Yena menatap pakaian sekolah Adam, warnanya coklat kayu dengan motif garis-garis seperti buku berjejer di sekitar pinggang. Tas selempang berbahan dasar kulit digantung di pundak kecilnya.
"Dasar bocah," cerca Yena dengan ujung bibir tersungging hampir senyum. Netranya mendapati sebuah bangunan sekolah tampak seperti kastil tapi lebih kecil ukurannya. Yena jadi teringat masa muda ketika masih bersekolah di sana.
"Ah ya, aku harus segera ke istana. Ada banyak orang yang menungguku."
Dalam perjalanan menuju Istana Altair, Yena teringat Hazard. Si pemuda dengan ikat kepala yang cukup misterius. Sudah lama lelaki itu tidak pulang kerumahnya. Bahkan sebuah surat untuk mengabari kepergiannya pun tak ada. Apa mungkin kecurigaan Yena benar?
Seseorang mendadak menyenggol bahu Yena, perawakannya mirip Hazard. Namun, ketika Yena ingin memanggil nyatanya orang itu bukan Hazard. Orang asing tersebut tampak mengatupkan kedua tangan, memohon maaf.

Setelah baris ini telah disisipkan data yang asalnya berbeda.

theorem mainTheorem5:
  fixes dA' dB dE :: nat and V :: "complex mat" and lam :: real
    and s :: "nat \<times> nat \<times> complex mat"
  assumes "isometry dA' dB dE V"
    and "0 \<le> lam" and "lam < 1"
    and "s \<in> admissible_states dA' dB dE V"
  shows "mutual_XB dB dE s + lam * coherent_info dB dE s
           \<le> Sup (mutual_XB dB dE ` admissible_states dA' dB dE V)
         \<and> f_lambda dA' dB dE V lam \<le> f_lambda dA' dB dE V 0"
proof -
  have bound: "\<And>t. t \<in> admissible_states dA' dB dE V \<Longrightarrow>
      mutual_XB dB dE t + lam * coherent_info dB dE t \<le> Sup (mutual_XB dB dE ` admissible_states dA' dB dE V)"
    using tradeoff_le_sup[OF assms(1,2)] assms(3) by simp
  have "f_lambda dA' dB dE V lam \<le> Sup (mutual_XB dB dE ` admissible_states dA' dB dE V)"
    unfolding f_lambda_def using assms(4) bound by (intro cSUP_least) auto
  moreover have "f_lambda dA' dB dE V 0 = Sup (mutual_XB dB dE ` admissible_states dA' dB dE V)"
    unfolding f_lambda_def by simp
  ultimately show ?thesis using bound[OF assms(4)] by simp
qed

end
(* For a quantum sequence ensemble $\mathcal{E}=\bigotimes_{l=1}^{L}\mathcal{E}^{l}$ and $\vec{x}=(x_{1},\ldots,x_{L})$ with $x_l\in\{1,\ldots,n_l\}$, we have \[ \mathcal{C}_{\vec{x}}(\mathcal{E})=\prod_{l=1}^{L}\mathcal{C}_{x_{l}}(\mathcal{E}^{l}). \]
   Context: Let $\mathcal{E}^{l}=\{\eta_{i}^{l},\rho_{i}^{l}\}_{i\in\{1,\ldots,n_{l}\}}$, $l=1,\ldots,L$, be quantum state ensembles (density operators $\rho_i^l$ on finite-dimensional Hilbert spaces, prepared with nonzero probabilities $\eta_i^l$), with average states $\rho_0^l=\sum_i\eta_i^l\rho_i^l$. The quantum sequence ensemble is $\mathcal{E}=\bigotimes_{l=1}^{L}\mathcal{E}^{l}=\{\eta_{\vec{c}},\rho_{\vec{c}}\}_{\vec{c}}$ with $\eta_{\vec{c}}=\prod_l\eta_{c_l}^l$, $\rho_{\vec{c}}=\bigotimes_l\rho_{c_l}^l$, and average state $\rho_0=\bigotimes_l\rho_0^l$. For any ensemble $\{\eta_i,\rho_i\}_i$ with average state $\rho_0$, and measurements (POVMs) $\{M_?\}\cup\{M_i\}_i$ where outcome $M_i$ means guessing $\rho_i$ and $M_?$ is inconclusive, the maximum confidence to identify $\rho_x$ is $\mathcal{C}_x=\max \eta_x\mathrm{Tr}(\rho_xM_x)/\mathrm{Tr}(\rho_0M_x)$ over all measurements with $\mathrm{Tr}(\rho_0M_x)>0$, i.e. the maximal conditional probability that $\rho_x$ was prepared given outcome $M_x$. $\mathcal{C}_{x_l}(\mathcal{E}^l)$ is this quantity for ensemble $\mathcal{E}^l$, and $\mathcal{C}_{\vec{x}}(\mathcal{E})$ for the sequence ensemble. *)

theory Defs
  imports "HOL-Analysis.Analysis"
begin

text \<open>Linear operators on a finite-dimensional Hilbert space are represented as
  complex matrices indexed by a finite index set I (an orthonormal basis).\<close>

type_synonym 'a op = "'a \<Rightarrow> 'a \<Rightarrow> complex"

definition tr :: "'a set \<Rightarrow> 'a op \<Rightarrow> complex" where
  "tr I A = (\<Sum>i\<in>I. A i i)"

definition mmult :: "'a set \<Rightarrow> 'a op \<Rightarrow> 'a op \<Rightarrow> 'a op" where
  "mmult I A B = (\<lambda>i k. \<Sum>j\<in>I. A i j * B j k)"

definition psd :: "'a set \<Rightarrow> 'a op \<Rightarrow> bool" where
  "psd I A \<longleftrightarrow> (\<forall>i\<in>I. \<forall>j\<in>I. A i j = cnj (A j i)) \<and>
     (\<forall>v :: 'a \<Rightarrow> complex. \<exists>r::real. r \<ge> 0 \<and>
        (\<Sum>i\<in>I. \<Sum>j\<in>I. cnj (v i) * A i j * v j) = of_real r)"

definition density :: "'a set \<Rightarrow> 'a op \<Rightarrow> bool" where
  "density I \<rho> \<longleftrightarrow> psd I \<rho> \<and> tr I \<rho> = 1"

"Ck, aku salah orang," sesal Yena sambil menggaruk tengkuk, heran dengan dirinya karena terus memikirkan Hazard, "fokus Yena, untuk sekarang tugasmu melatih para calon prajurit!" lanjutnya sembari melipat tangan dan mengangguk-anggukan kepala setuju dengan ucapannya sendiri.
Lima bulan kemudian...
"Bagaimana ini, Pangeran? Raja Firan sudah mau menikah lagi. Sementara Tuan Assassin sampai sekarang tidak terlihat batang hidungnya," ucap Chayra ketika Harith baru keluar dari tenda. Pandangan mata Chayra tak beraturan sambil menopang dagu dan menggigit bibir. Jelas sekali bahwa dirinya sedang gelisah.
Tiba-tiba, kilatan petir menyambar pasir hingga gosong dibarengi gemuruh kian nyaring, sejalan dengan cuaca mendung akibat sinar mentari yang tertutup awan. Seorang pria—mengenakan masker—muncul dari bekas pasir yang tersambar. Pria itu mengenakan jaket kerah tinggi dengan kaos dalam berwarna merah dan syal coklat kehitaman melambai-lambai diterpa angin dingin. "Maaf, Nyonya. Sekarang batang hidup saya sudah terlihat jelas, bukan?" sahutnya berjalan mendekat lalu berlutut dengan seringai tipis.
Semua mata yang ada di oase tertuju pada pria itu. Mereka dapat merasakan hawa mengerikan yang lebih dashyat setelah kepergiannya beberapa bulan lalu.